Его немецкий совершенствованию не поддавался. Новые знакомства отказывались материализоваться. Деньги кончались. Он начал скучать по «Морли Джексон Грей», по офисным шуточкам и уютной рутине рабочего дня. У Бенжамена был с собой мобильник, который давно разрядился, но ничего не стоило вновь его зарядить. Он мог бы позвонить в офис Адриану, Тиму или Джульет; мог бы позвонить родителям, сестре или племяннице; набрать номер Филипа, или Дуга, или Мунира. Но телефон оставался безжизненным. Бенжамен твердо решил стать новым человеком, прежде чем кто-либо из этих людей его снова увидит. Он вернется к ним, но только победителем.
* * *
СЕКСИЛЕНД
Мой взгляд прикован к ее груди —
Не так стыдно, как смотреть
В ее глаза.
Они синие, цвета кобальта (да, ее глаза),
И подернуты грустью, гневом, скукой —
Пусть, ведь это делает ее
Человеком. Хотя кому это нужно?
Ни мне, ни другим мужчинам (все молоды, кстати),
Что наблюдают за ней из тени,
Дрянное красное вино глотая ценою
В тридцать евро. (За бокал.)
В согласии похвальном с законами ЕС
Она демократична, скрупулезна и честна.
Грудь оголив, она, сойдя со сцены,
Предложит насладиться этой роскошью
По очереди каждому из нас.
По счету я седьмой.
Еще шестнадцать тактов
Бодрой музычки, и падает она — бах! —
Мне на колени. В общем, туда куда-то.
Ерзает лобком, но почти не касаясь моего,
И не сказать чтоб машинально, хотя уверен,
Мысли ее где-то далеко.
(Сомнамбула — вот слово найдено.)
А мне в лицо — сосок. И бард во мне
Воспеть его за честь почел.
Но о предмете этом много ль скажешь.
Он загораживает мне обзор, во-первых.
Он кругл и розов.
Второй ему под стать, насколько я могу судить,
И (голову даю) его сосали
Жадно, час-полтора назад,
Закрыв глаза, вцепившись влажными губами.
И как же ей не терпится, наверное, младенца своего
Вновь чмокнуть в круглый лобик.
* * *
Посещение стриптиз-клуба заставило его осознать: он почти дошел до ручки. Теперь он с трудом вставал по утрам и, по его прикидкам, набрал килограммов семь веса. Он перестал бриться, убедившись таким образом, что с бородой он выглядит еще хуже, чем без нее. У него развилась зависимость от сетевой порнографии, и он начал ублажать себя, прибегая к затейливым аутоэротическим техникам, для которых требовались пластмассовые плечики, мороженое «Бен и Джерри», кожаный брючный ремень и шпатель. Он заметил, что студентки, посещавшие кафе на Шеллингштрассе, по одиночке или с подружками, уже знают его и никогда не садятся за соседний столик, если другие столы не заняты. И хорошо, если за неделю ему удавалось сочинить больше шести стихотворных строчек.

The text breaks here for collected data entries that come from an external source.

lemma closed_kkt_certificate_parameters:
  fixes a :: "'i \<Rightarrow> 'm::euclidean_space" and I :: "'i set" and b0 b1 :: "'i \<Rightarrow> real"
  assumes fin: "finite I" and J: "J \<subseteq> I"
  defines "bt \<equiv> \<lambda>t i. (1 - t) * b0 i + t * b1 i"
  shows "closed {t\<in>{0..1}. kkt_certificate a I (bt t) J (closest_point (lin_ineq_set a I (bt t)) 0)}"
proof -
  \<comment> \<open>a certificate determines the minimiser, so the set is the projection of the compact set \<open>G\<close>\<close>
  define G where "G = {(t, z). t \<in> {0..1} \<and> kkt_certificate a I (bt t) J z}"
  have img: "{t\<in>{0..1}. kkt_certificate a I (bt t) J (closest_point (lin_ineq_set a I (bt t)) 0)} = fst ` G"
  proof (intro equalityI subsetI)
    fix t assume "t \<in> {t\<in>{0..1}. kkt_certificate a I (bt t) J (closest_point (lin_ineq_set a I (bt t)) 0)}"
    then show "t \<in> fst ` G"
      by (intro rev_image_eqI[of "(t, closest_point (lin_ineq_set a I (bt t)) 0)"]) (auto simp: G_def)
  next
    fix t assume "t \<in> fst ` G"
    then obtain z where z: "t \<in> {0..1}" "kkt_certificate a I (bt t) J z" by (auto simp: G_def)
    moreover from z(2) have "z = closest_point (lin_ineq_set a I (bt t)) 0"
      by (rule kkt_certificate_imp_closest_point)
    ultimately show "t \<in> {t\<in>{0..1}. kkt_certificate a I (bt t) J (closest_point (lin_ineq_set a I (bt t)) 0)}"
      by simp
  qed
  have "compact G"
  proof (cases "G = {}")
    case False
    then obtain t0 z0 where t0z0: "(t0, z0) \<in> G" by auto
    obtain C where C: "C \<ge> 0" "\<And>w. w \<in> span (a ` J) \<Longrightarrow> norm w \<le> C * (\<Sum>i\<in>J. \<bar>a i \<bullet> w\<bar>)"
      using norm_le_sum_abs_inner_on_span[OF finite_subset[OF J fin], where a = a] by blast
    define R where "R = C * (\<Sum>i\<in>J. \<bar>b1 i - b0 i\<bar>)"
    \<comment> \<open>all certificates are within \<open>R\<close> of each other, so \<open>G\<close> is bounded\<close>
    have "dist z z0 \<le> R" if "(t, z) \<in> G" for t z
    proof -
      have "dist z z0 \<le> C * (\<Sum>i\<in>J. \<bar>bt t i - bt t0 i\<bar>)"
        using that t0z0 kkt_certificate_dist_le[OF _ _ C(2)] by (auto simp: G_def)
      also have "\<dots> = C * (\<bar>t - t0\<bar> * (\<Sum>i\<in>J. \<bar>b1 i - b0 i\<bar>))"
        by (simp add: bt_def sum_abs_diff_affine_combination)
      also have "\<dots> \<le> R"
        using that t0z0 C(1) by (auto simp: G_def R_def intro!: mult_left_mono mult_left_le_one_le sum_nonneg)
      finally show ?thesis .
    qed
    then have sub: "G \<subseteq> {0..1} \<times> cball z0 R" by (auto simp: G_def dist_commute)
    have G_eq: "G = (\<Inter>i\<in>I. {p. a i \<bullet> snd p \<le> bt (fst p) i}) \<inter> (\<Inter>i\<in>J. {p. a i \<bullet> snd p = bt (fst p) i})
        \<inter> {p. 0 \<le> fst p \<and> fst p \<le> 1} \<inter> (\<lambda>p. - snd p) -` (convex_cone hull (a ` J))"
      using J by (auto simp: G_def kkt_certificate_def lin_ineq_set_def)
    have "finite (a ` J)" using finite_subset[OF J fin] by simp
    then have "closed G"
      unfolding G_eq bt_def
      by (intro closed_Int closed_INT ballI closed_Collect_le closed_Collect_eq closed_Collect_conj
          continuous_closed_vimage closed_convex_cone_hull continuous_intros)
    then have "compact (({0..1} \<times> cball z0 R) \<inter> G)"
      by (intro compact_Int_closed compact_Times compact_Icc compact_cball)
    with sub show ?thesis by (simp add: Int_absorb1)
  qed simp
  then have "compact (fst ` G)" by (intro compact_continuous_image continuous_intros)
  then show ?thesis unfolding img by (rule compact_imp_closed)
qed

Он был поражен тем, как ему не хватает Эмили. Вот уж чего он никак не ожидал. Фантазии о романтическом времяпрепровождении со студентками, загорающими топлес в Английском саду, все чаще уступали место картинам домашнего вечернего отдыха: они с Эмили сидят рядком на диване и смотрят телевизор. Выходило, что теперь он истово желал того, от чего более всего хотел сбежать. Эта мысль во всей полноте обрушилась на него однажды под утро, когда еще не рассвело, — он лежал в кровати, не в силах заснуть, ворочаясь под простынями, не стиранными месяц, и вдруг его прорвало: посреди ночи он взвыл от тоски, рыдая так, как это бывает только в детстве. Он плакал и не мог остановиться, плакал, пока не рассвело и пока грудь не заболела от судорожных всхлипов.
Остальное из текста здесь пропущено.